- [Data for review]:
lemma asymp_unbiased_iff_mean_error_step_iterates:
  fixes P :: "real^'n^'n"
  assumes "prob_space M" and rows: "\<And>i. (\<Sum>j\<in>UNIV. P $ i $ j) = 1"
  shows "asymp_unbiased M P a x0 r w \<alpha> \<longleftrightarrow> (\<forall>v. (\<lambda>t. (mean_error_step P a \<alpha> ^^ t) v) \<longlonglongrightarrow> 0)"
proof -
  interpret prob_space M by fact
  have unbiased_iff: "asymp_unbiased M P a x0 r w \<alpha> \<longleftrightarrow>
      (\<forall>c. (\<forall>i. integrable M (\<lambda>\<omega>. c \<omega> $ i)) \<longrightarrow>
         mean_error M (est_hat P a \<alpha> x0 r w c) (state a x0 r) \<longlonglongrightarrow> 0 \<and>
         mean_error M (est_tilde P a \<alpha> x0 r w c) (state a x0 r) \<longlonglongrightarrow> 0)"
  proof -
    have component: "(\<lambda>t. \<integral>\<omega>. est t \<omega> $ i - x t \<omega> \<partial>M) = (\<lambda>t. mean_error M est x t $ i)"
      for est :: "nat \<Rightarrow> 'w \<Rightarrow> real^'n" and x i
      by (simp add: mean_error_def)
    have vec: "(\<forall>i. (\<lambda>t. f t $ i) \<longlonglongrightarrow> 0) \<longleftrightarrow> f \<longlonglongrightarrow> 0" for f :: "nat \<Rightarrow> real^'n"
      using vec_tendstoI[of f 0] tendsto_vec_nth[of f 0] by auto
    show ?thesis
      unfolding asymp_unbiased_def component by (simp add: all_conj_distrib vec)
  qed
  show ?thesis
  proof
    assume unbiased: "asymp_unbiased M P a x0 r w \<alpha>"
    show "\<forall>v. (\<lambda>t. (mean_error_step P a \<alpha> ^^ t) v) \<longlonglongrightarrow> 0"
    proof
      fix v :: "real^'n"
      \<comment> \<open>a deterministic initial estimate whose mean error is \<open>v\<close>\<close>
      define c where "c = (\<lambda>\<omega>::'w. v + (\<integral>\<omega>. x0 \<omega> \<partial>M) *\<^sub>R (\<chi> i. 1))"
      have c: "integrable M (\<lambda>\<omega>. c \<omega> $ i)" for i by (simp add: c_def)
      have initial: "mean_error M (est_hat P a \<alpha> x0 r w c) (state a x0 r) 0 = v"
        by (simp add: mean_error_def c_def vec_eq_iff integrable_x0 prob_space)
      have "mean_error M (est_hat P a \<alpha> x0 r w c) (state a x0 r) \<longlonglongrightarrow> 0"
        using unbiased c unfolding unbiased_iff by blast
      then show "(\<lambda>t. (mean_error_step P a \<alpha> ^^ t) v) \<longlonglongrightarrow> 0"
        by (simp only: initial[symmetric] mean_error_est_hat_iterates[OF c rows, symmetric])
    qed
  next
    assume lim: "\<forall>v. (\<lambda>t. (mean_error_step P a \<alpha> ^^ t) v) \<longlonglongrightarrow> 0"
    show "asymp_unbiased M P a x0 r w \<alpha>"
      unfolding unbiased_iff
    proof (intro allI impI conjI)
      fix c :: "'w \<Rightarrow> real^'n" assume "\<forall>i. integrable M (\<lambda>\<omega>. c \<omega> $ i)"
      then have c: "integrable M (\<lambda>\<omega>. c \<omega> $ i)" for i by blast
      have "(\<lambda>t. (mean_error_step P a \<alpha> ^^ t) (mean_error M (est_hat P a \<alpha> x0 r w c) (state a x0 r) 0))
          \<longlonglongrightarrow> 0"
        using lim by blast
      then show "mean_error M (est_hat P a \<alpha> x0 r w c) (state a x0 r) \<longlonglongrightarrow> 0"
        by (simp only: mean_error_est_hat_iterates[OF c rows, symmetric])
      have "(\<lambda>t. (mean_error_step P a \<alpha> ^^ t) (mean_error M (est_tilde P a \<alpha> x0 r w c) (state a x0 r) 0))
          \<longlonglongrightarrow> 0"
        using lim by blast
      then show "mean_error M (est_tilde P a \<alpha> x0 r w c) (state a x0 r) \<longlonglongrightarrow> 0"
        by (simp only: mean_error_est_tilde_iterates[OF c rows, symmetric])
    qed
  qed
qed

end

lemma exists_weight_contracting_iff:
  fixes S :: "real set" and m a :: real
  assumes "m \<in> S" and "1 \<in> S" and S: "\<And>e. e \<in> S \<Longrightarrow> m \<le> e \<and> e \<le> 1" and "-1 < m" and "m < 1"
  shows "(\<exists>\<alpha>. 0 < \<alpha> \<and> \<alpha> \<le> 1 \<and> (\<forall>e\<in>S. \<bar>a * (e - \<alpha>)\<bar> < 1)) \<longleftrightarrow> \<bar>a\<bar> < 2 / (1 - m)"
proof
  assume "\<exists>\<alpha>. 0 < \<alpha> \<and> \<alpha> \<le> 1 \<and> (\<forall>e\<in>S. \<bar>a * (e - \<alpha>)\<bar> < 1)"
  then obtain \<alpha> where contr: "\<forall>e\<in>S. \<bar>a * (e - \<alpha>)\<bar> < 1" by blast
  have "a * (1 - \<alpha>) - a * (m - \<alpha>) = a * (1 - m)" by (simp add: algebra_simps)
  then have "\<bar>a\<bar> * (1 - m) = \<bar>a * (1 - \<alpha>) - a * (m - \<alpha>)\<bar>"
    using \<open>m < 1\<close> by (simp add: abs_mult)
  also have "\<dots> \<le> \<bar>a * (1 - \<alpha>)\<bar> + \<bar>a * (m - \<alpha>)\<bar>" by (rule abs_triangle_ineq4)
  also have "\<dots> < 2" using contr[rule_format, OF \<open>1 \<in> S\<close>] contr[rule_format, OF \<open>m \<in> S\<close>] by linarith
  finally show "\<bar>a\<bar> < 2 / (1 - m)" using \<open>m < 1\<close> by (simp add: pos_less_divide_eq)
next
  assume a: "\<bar>a\<bar> < 2 / (1 - m)"
  define \<alpha> where "\<alpha> = (1 + m) / 2"
  have "\<bar>a * (e - \<alpha>)\<bar> < 1" if "e \<in> S" for e
  proof -
    have "m \<le> e" "e \<le> 1" using S[OF that] by auto
    then have "\<bar>e - \<alpha>\<bar> \<le> (1 - m) / 2" unfolding \<alpha>_def by (simp add: abs_le_iff field_simps)
    then have "\<bar>a * (e - \<alpha>)\<bar> \<le> \<bar>a\<bar> * ((1 - m) / 2)" unfolding abs_mult by (rule mult_left_mono) simp
    also have "\<dots> < 1" using a \<open>m < 1\<close> by (simp add: pos_less_divide_eq)
    finally show ?thesis .
  qed
  moreover have "0 < \<alpha>" "\<alpha> \<le> 1" using \<open>-1 < m\<close> \<open>m < 1\<close> by (auto simp: \<alpha>_def)
  ultimately show "\<exists>\<alpha>. 0 < \<alpha> \<and> \<alpha> \<le> 1 \<and> (\<forall>e\<in>S. \<bar>a * (e - \<alpha>)\<bar> < 1)" by blast
qed

theorem proposition1:
  fixes P :: "real^'n::finite^'n" and a :: real
    and M :: "'w measure" and x0 :: "'w \<Rightarrow> real"
    and r :: "nat \<Rightarrow> 'w \<Rightarrow> real" and w :: "'n \<Rightarrow> nat \<Rightarrow> 'w \<Rightarrow> real"
  assumes "CARD('n) \<ge> 2"
    and "symmetric_matrix P" and "doubly_stochastic P" and "spectral_condition P"
    and "prob_space M"
    and "integrable M x0"
    and "\<And>t. integrable M (r t)" and "\<And>t. integral\<^sup>L M (r t) = 0"
    and "\<And>i t. integrable M (w i t)" and "\<And>i t. integral\<^sup>L M (w i t) = 0"
  shows "(\<exists>\<alpha>. 0 < \<alpha> \<and> \<alpha> \<le> 1 \<and> asymp_unbiased M P a x0 r w \<alpha>)
           \<longleftrightarrow> \<bar>a\<bar> < 2 / (1 - lambda_min P)"
proof -
  note N = assms(1) and sym = assms(2) and spec = assms(4)
  have rows: "\<And>i. (\<Sum>j\<in>UNIV. P $ i $ j) = 1"
    using assms(3) by (simp add: doubly_stochastic_def)
  have unbiased_iff: "asymp_unbiased M P a x0 r w \<alpha> \<longleftrightarrow> (\<forall>e\<in>eigenvalues P. \<bar>a * (e - \<alpha>)\<bar> < 1)" for \<alpha>
    using asymp_unbiased_iff_mean_error_step_iterates[OF assms(6-10) assms(5) rows]
      mean_error_step_iterates_tendsto_zero_iff[OF sym] by simp
  have one: "1 \<in> eigenvalues P" and spectrum: "\<And>e. e \<in> eigenvalues P \<Longrightarrow> -1 < e \<and> e \<le> 1"
    using spec by (auto simp: spectral_condition_def)
  then have "lambda_min P \<in> eigenvalues P" and "\<And>e. e \<in> eigenvalues P \<Longrightarrow> lambda_min P \<le> e"
    using lambda_min_eigenvalue[OF sym] by blast+
  then show ?thesis
    unfolding unbiased_iff
    by (intro exists_weight_contracting_iff one lambda_min_less_one[OF sym spec N])
      (auto dest: spectrum)
qed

- [Task details]:
From the line containing "then show ?thesis" down to the last line of the material, each line is to be retyped exactly; no other lines belong in the answer.

- [Solution below]:
  then show ?thesis
    unfolding unbiased_iff
    by (intro exists_weight_contracting_iff one lambda_min_less_one[OF sym spec N])
      (auto dest: spectrum)
qed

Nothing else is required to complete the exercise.